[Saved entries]
lemma primitive_int_poly_of_rational_quadratic:
  fixes x T N :: "'a::field_char_0"
  assumes "T \<in> \<rat>" "N \<in> \<rat>" and quadratic: "x\<^sup>2 = T * x - N"
  obtains g :: "int poly" where "content g = 1" "degree g = 2" "poly (map_poly of_int g) x = 0"
proof -
  obtain t d where d: "d > 0" "T = of_int t / of_int d"
    using Rats_cases'[OF assms(1)] by metis
  obtain n e where e: "e > 0" "N = of_int n / of_int e"
    using Rats_cases'[OF assms(2)] by metis
  define g\<^sub>0 where "g\<^sub>0 = [:n * d, - (t * e), d * e:]"
  have "g\<^sub>0 \<noteq> 0"
    using d e unfolding g\<^sub>0_def by simp
  have clear: "of_int (d * e) * T = of_int (t * e)" "of_int (d * e) * N = of_int (n * d)"
    using d e by simp_all
  have "poly (map_poly of_int g\<^sub>0) x = of_int (n * d) - of_int (t * e) * x + of_int (d * e) * x\<^sup>2"
    unfolding g\<^sub>0_def by (simp add: map_poly_pCons algebra_simps power2_eq_square)
  also have "\<dots> = of_int (d * e) * (x\<^sup>2 - T * x + N)"
    unfolding distrib_left right_diff_distrib mult.assoc[symmetric] clear by simp
  finally have "poly (map_poly of_int g\<^sub>0) x = 0"
    using quadratic by simp
  moreover have "poly (map_poly of_int g\<^sub>0) x =
      of_int (content g\<^sub>0) * poly (map_poly of_int (primitive_part g\<^sub>0)) x"
    by (subst (1) content_times_primitive_part[of g\<^sub>0, symmetric])
      (simp only: map_poly_smult poly_smult of_int_0 of_int_mult)
  ultimately have "poly (map_poly of_int (primitive_part g\<^sub>0)) x = 0"
    using \<open>g\<^sub>0 \<noteq> 0\<close> by simp
  moreover have "content (primitive_part g\<^sub>0) = 1" "degree (primitive_part g\<^sub>0) = 2"
    unfolding g\<^sub>0_def using d e by simp_all
  ultimately show ?thesis
    using that by blast
qed

lemma abs_lead_coeff_eq_1_if_root_of_monic:
  fixes g p :: "int poly" and x :: "'a::field_char_0"
  assumes g: "content g = 1" "degree g = 2" "poly (map_poly of_int g) x = 0"
    and p: "lead_coeff p = 1" "poly (map_poly of_int p) x = 0"
    and "x \<notin> \<rat>"
  shows "\<bar>lead_coeff g\<bar> = 1"
proof -
  have "g \<noteq> 0"
    using g(2) by auto
  obtain q r where qr: "pseudo_divmod p g = (q, r)"
    by fastforce
  define k where "k = Suc (degree p) - degree g"
  have division: "smult (lead_coeff g ^ k) p = g * q + r"
    unfolding k_def using pseudo_divmod(1)[OF \<open>g \<noteq> 0\<close> qr] by simp
  have "degree r \<le> 1"
    using pseudo_divmod(2)[OF \<open>g \<noteq> 0\<close> qr] g(2) by auto
  moreover have "poly (map_poly of_int r) x = 0"
    using arg_cong[OF division, of "\<lambda>s. poly (map_poly of_int s) x"] p(2) g(3)
    by (simp add: map_poly_smult map_poly_of_int_add map_poly_of_int_mult)
  ultimately have "r = 0"
    using int_poly_eq_0_if_linear_root_irrational \<open>x \<notin> \<rat>\<close> by blast
  then show ?thesis
    using abs_lead_coeff_eq_1_if_dvd_monic[OF g(1) p(1) \<open>g \<noteq> 0\<close>] division by simp
qed

lemma algebraic_int_quadratic_coeffs_Ints:
  fixes x T N :: "'a::field_char_0"
  assumes irrational: "x \<notin> \<rat>" and "algebraic_int x" "T \<in> \<rat>" "N \<in> \<rat>"
    and quadratic: "x\<^sup>2 = T * x - N"
  shows "T \<in> \<int> \<and> N \<in> \<int>"
proof -
  obtain p :: "int poly" where p: "lead_coeff p = 1" "poly (map_poly of_int p) x = 0"
    using assms(2) unfolding algebraic_int_altdef_ipoly by blast
  obtain g :: "int poly" where g: "content g = 1" "degree g = 2" "poly (map_poly of_int g) x = 0"
    using primitive_int_poly_of_rational_quadratic[OF assms(3,4) quadratic] .
  have "\<bar>lead_coeff g\<bar> = 1"
    by (rule abs_lead_coeff_eq_1_if_root_of_monic[OF g p irrational])
  then have lead: "coeff g 2 = 1 \<or> coeff g 2 = -1"
    using g(2) by auto
  have "of_int (coeff g 0) + of_int (coeff g 1) * x + of_int (coeff g 2) * x\<^sup>2 = 0"
    using g(3) poly_map_poly_of_int_degree_le_2[of g x] g(2) by simp
  then have "(of_int (coeff g 0) - of_int (coeff g 2) * N)
      + (of_int (coeff g 1) + of_int (coeff g 2) * T) * x = 0"
    unfolding quadratic by (simp add: algebra_simps)
  then have "of_int (coeff g 0) = of_int (coeff g 2) * N"
    "of_int (coeff g 1) = - of_int (coeff g 2) * T"
    using rational_combination_eq_0[OF irrational, of "of_int (coeff g 0) - of_int (coeff g 2) * N"
        "of_int (coeff g 1) + of_int (coeff g 2) * T"] assms(3,4)
    by (auto simp: add_eq_0_iff)
  then have "N = of_int (coeff g 2 * coeff g 0)" "T = of_int (- (coeff g 2 * coeff g 1))"
    using lead by auto
  then show ?thesis
    by simp
qed

lemma algebraic_int_if_monic_quadratic_root:
  fixes x T N :: "'a::field"
  assumes "T \<in> \<int>" "N \<in> \<int>" "x\<^sup>2 = T * x - N"
  shows "algebraic_int x"
proof
  show "poly [:N, - T, 1:] x = 0"
    using assms(3) by (simp add: algebra_simps power2_eq_square)
  show "lead_coeff [:N, - T, 1:] = 1"
    by simp
  show "\<forall>i. coeff [:N, - T, 1:] i \<in> \<int>"
    using assms(1,2) by (auto simp: coeff_pCons split: nat.splits)
qed

lemma Ints_if_Rats_square_Ints:
  fixes z :: "'a::field_char_0"
  assumes "z \<in> \<rat>" "z\<^sup>2 \<in> \<int>"
  shows "z \<in> \<int>"
proof (rule rational_algebraic_int_is_int)
  show "algebraic_int z"
    using assms(2) by (intro algebraic_int_if_monic_quadratic_root[of 0 "- z\<^sup>2"]) simp_all
qed (rule assms(1))

lemma even_add_if_square_eq_discriminant_product:
  fixes A B U V Z :: int
  assumes "Z\<^sup>2 = (A\<^sup>2 - 4 * U) * (B\<^sup>2 - 4 * V)"
  shows "even (A * B + Z)"
proof (rule ccontr)
  assume odd: "odd (A * B + Z)"
  moreover have "Z - A * B = (A * B + Z) - 2 * (A * B)"
    by simp
  ultimately have "odd ((Z - A * B) * (Z + A * B))"
    by (simp add: add.commute)
  moreover have "(Z - A * B) * (Z + A * B) = 4 * (4 * U * V - U * B\<^sup>2 - V * A\<^sup>2)"
    using assms by (simp add: algebra_simps power2_eq_square)
  ultimately show False
    by simp
qed

section \<open>The ring of integers of a quadratic field\<close>

locale quadratic_basis =
  fixes \<alpha> p q :: complex
  assumes irrational: "\<alpha> \<notin> \<rat>" and p_Rats: "p \<in> \<rat>" and q_Rats: "q \<in> \<rat>"
    and alpha_square: "\<alpha>\<^sup>2 = p + q * \<alpha>"
begin

definition field_K :: "complex set" where
  "field_K = {a + b * \<alpha> | a b. a \<in> \<rat> \<and> b \<in> \<rat>}"

text \<open>The nontrivial automorphism of \<open>field_K\<close> sends \<open>\<alpha>\<close> to the other root \<open>q - \<alpha>\<close>
  of \<open>X\<^sup>2 - q X - p\<close>.\<close>

definition conjugate :: "complex \<Rightarrow> complex" where
  "conjugate x = (THE y. \<exists>a\<in>\<rat>. \<exists>b\<in>\<rat>. x = a + b * \<alpha> \<and> y = a + b * (q - \<alpha>))"

definition trace_K :: "complex \<Rightarrow> complex" where
  "trace_K x = x + conjugate x"

definition norm_K :: "complex \<Rightarrow> complex" where
  "norm_K x = x * conjugate x"

definition ints_K :: "complex set" where
  "ints_K = {x \<in> field_K. trace_K x \<in> \<int> \<and> norm_K x \<in> \<int>}"

lemma field_K_coords_unique:
  assumes "a \<in> \<rat>" "b \<in> \<rat>" "c \<in> \<rat>" "d \<in> \<rat>" "a + b * \<alpha> = c + d * \<alpha>"
  shows "a = c \<and> b = d"
proof -
  have "(a - c) + (b - d) * \<alpha> = 0"
    using assms(5) by (simp add: algebra_simps)
  then show ?thesis
    using rational_combination_eq_0[OF irrational, of "a - c" "b - d"] assms(1-4) by auto
qed

lemma conjugate_eq:
  assumes "a \<in> \<rat>" "b \<in> \<rat>"
  shows "conjugate (a + b * \<alpha>) = a + b * (q - \<alpha>)"
  unfolding conjugate_def
proof (rule the_equality)
  fix y assume "\<exists>a'\<in>\<rat>. \<exists>b'\<in>\<rat>. a + b * \<alpha> = a' + b' * \<alpha> \<and> y = a' + b' * (q - \<alpha>)"
  then obtain a' b' where "a' \<in> \<rat>" "b' \<in> \<rat>" "a + b * \<alpha> = a' + b' * \<alpha>" "y = a' + b' * (q - \<alpha>)"
    by blast
  then show "y = a + b * (q - \<alpha>)"
    using field_K_coords_unique[of a b a' b'] assms by simp
qed (use assms in blast)

lemma field_KE:
  assumes "x \<in> field_K"
  obtains a b where "a \<in> \<rat>" "b \<in> \<rat>" "x = a + b * \<alpha>"
  using assms unfolding field_K_def by blast

lemma field_KI: "a \<in> \<rat> \<Longrightarrow> b \<in> \<rat> \<Longrightarrow> a + b * \<alpha> \<in> field_K"
  unfolding field_K_def by blast

lemma mult_in_basis:
  assumes "\<beta>\<^sup>2 = p + q * \<beta>"
  shows "(a + b * \<beta>) * (c + d * \<beta>) = (a * c + b * d * p) + (a * d + b * c + b * d * q) * \<beta>"
proof -
  have "(a + b * \<beta>) * (c + d * \<beta>) = a * c + (a * d + b * c) * \<beta> + b * d * \<beta>\<^sup>2"
    by (simp add: algebra_simps power2_eq_square)
  then show ?thesis
    using assms by (simp add: algebra_simps)
qed

lemma conjugate_root_square: "(q - \<alpha>)\<^sup>2 = p + q * (q - \<alpha>)"
  using alpha_square by (simp add: power2_eq_square algebra_simps)

lemma field_K_mult:
  assumes "x \<in> field_K" "y \<in> field_K"
  shows "x * y \<in> field_K" "conjugate (x * y) = conjugate x * conjugate y"
proof -
  obtain a b where ab: "a \<in> \<rat>" "b \<in> \<rat>" and x: "x = a + b * \<alpha>"
    using assms(1) by (rule field_KE)
  obtain c d where cd: "c \<in> \<rat>" "d \<in> \<rat>" and y: "y = c + d * \<alpha>"
    using assms(2) by (rule field_KE)
  have coords: "a * c + b * d * p \<in> \<rat>" "a * d + b * c + b * d * q \<in> \<rat>"
    using ab cd p_Rats q_Rats by auto
  have xy: "x * y = (a * c + b * d * p) + (a * d + b * c + b * d * q) * \<alpha>"
    unfolding x y by (rule mult_in_basis[OF alpha_square])
  then show "x * y \<in> field_K"
    using field_KI[OF coords] by simp
  have "conjugate (x * y) = (a * c + b * d * p) + (a * d + b * c + b * d * q) * (q - \<alpha>)"
    unfolding xy by (rule conjugate_eq[OF coords])
  then show "conjugate (x * y) = conjugate x * conjugate y"
    unfolding x y conjugate_eq[OF ab] conjugate_eq[OF cd] mult_in_basis[OF conjugate_root_square] .
qed

lemma field_K_add:
  assumes "x \<in> field_K" "y \<in> field_K"
  shows "x + y \<in> field_K" "conjugate (x + y) = conjugate x + conjugate y"
proof -
  obtain a b where ab: "a \<in> \<rat>" "b \<in> \<rat>" and x: "x = a + b * \<alpha>"
    using assms(1) by (rule field_KE)
  obtain c d where cd: "c \<in> \<rat>" "d \<in> \<rat>" and y: "y = c + d * \<alpha>"
    using assms(2) by (rule field_KE)
  have coords: "a + c \<in> \<rat>" "b + d \<in> \<rat>"
    using ab cd by auto
  have xy: "x + y = (a + c) + (b + d) * \<alpha>"
    unfolding x y by (simp add: algebra_simps)
  then show "x + y \<in> field_K"
    using field_KI[OF coords] by simp
  have "conjugate (x + y) = (a + c) + (b + d) * (q - \<alpha>)"
    unfolding xy by (rule conjugate_eq[OF coords])
  then show "conjugate (x + y) = conjugate x + conjugate y"
    unfolding x y conjugate_eq[OF ab] conjugate_eq[OF cd] by (simp add: algebra_simps)
qed

lemma field_K_Rats:
  assumes "r \<in> \<rat>"
  shows "r \<in> field_K" "conjugate r = r"
  using field_KI[OF assms, of 0] conjugate_eq[OF assms, of 0] by simp_all

lemma trace_norm_Rats:
  assumes "x \<in> field_K"
  shows "trace_K x \<in> \<rat>" "norm_K x \<in> \<rat>"
proof -
  obtain a b where ab: "a \<in> \<rat>" "b \<in> \<rat>" and x: "x = a + b * \<alpha>"
    using assms by (rule field_KE)
  have "trace_K x = 2 * a + b * q"
    unfolding trace_K_def x conjugate_eq[OF ab] by (simp add: algebra_simps)
  then show "trace_K x \<in> \<rat>"
    using ab q_Rats by simp
  have "norm_K x = a * a + a * b * q + b * b * (q * \<alpha> - \<alpha>\<^sup>2)"
    unfolding norm_K_def x conjugate_eq[OF ab] by (simp add: algebra_simps power2_eq_square)
  also have "\<dots> = a * a + a * b * q - b * b * p"
    using alpha_square by simp
  finally show "norm_K x \<in> \<rat>"
    using ab p_Rats q_Rats by simp
qed

lemma square_eq_trace_norm: "x\<^sup>2 = trace_K x * x - norm_K x"
  unfolding trace_K_def norm_K_def by (simp add: algebra_simps power2_eq_square)

lemma algebraic_int_iff_ints_K:
  assumes "x \<in> field_K"
  shows "algebraic_int x \<longleftrightarrow> x \<in> ints_K"
proof
  assume "algebraic_int x"
  show "x \<in> ints_K"
  proof (cases "x \<in> \<rat>")
    case True
    then have "x \<in> \<int>"
      using rational_algebraic_int_is_int \<open>algebraic_int x\<close> by blast
    then show ?thesis
      using assms field_K_Rats[OF True] unfolding ints_K_def trace_K_def norm_K_def by simp
  next
    case False
    then show ?thesis
      using algebraic_int_quadratic_coeffs_Ints[OF False \<open>algebraic_int x\<close>
          trace_norm_Rats[OF assms] square_eq_trace_norm] assms
      unfolding ints_K_def by simp
  qed
next
  assume "x \<in> ints_K"
  then show "algebraic_int x"
    using algebraic_int_if_monic_quadratic_root[OF _ _ square_eq_trace_norm]
    unfolding ints_K_def by simp
qed

lemma ints_K_field_K: "x \<in> ints_K \<Longrightarrow> x \<in> field_K"
  unfolding ints_K_def by simp

lemma ints_K_trace_Ints: "x \<in> ints_K \<Longrightarrow> trace_K x \<in> \<int>"
  unfolding ints_K_def by simp

lemma ints_K_norm_Ints: "x \<in> ints_K \<Longrightarrow> norm_K x \<in> \<int>"
  unfolding ints_K_def by simp

lemma norm_K_mult:
  "x \<in> field_K \<Longrightarrow> y \<in> field_K \<Longrightarrow> norm_K (x * y) = norm_K x * norm_K y"
  unfolding norm_K_def by (simp add: field_K_mult)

# [Try it]
Show every line above in which the word "division" occurs.

# [Response area]
  have division: "smult (lead_coeff g ^ k) p = g * q + r"
    using arg_cong[OF division, of "\<lambda>s. poly (map_poly of_int s) x"] p(2) g(3)
    using abs_lead_coeff_eq_1_if_dvd_monic[OF g(1) p(1) \<open>g \<noteq> 0\<close>] division by simp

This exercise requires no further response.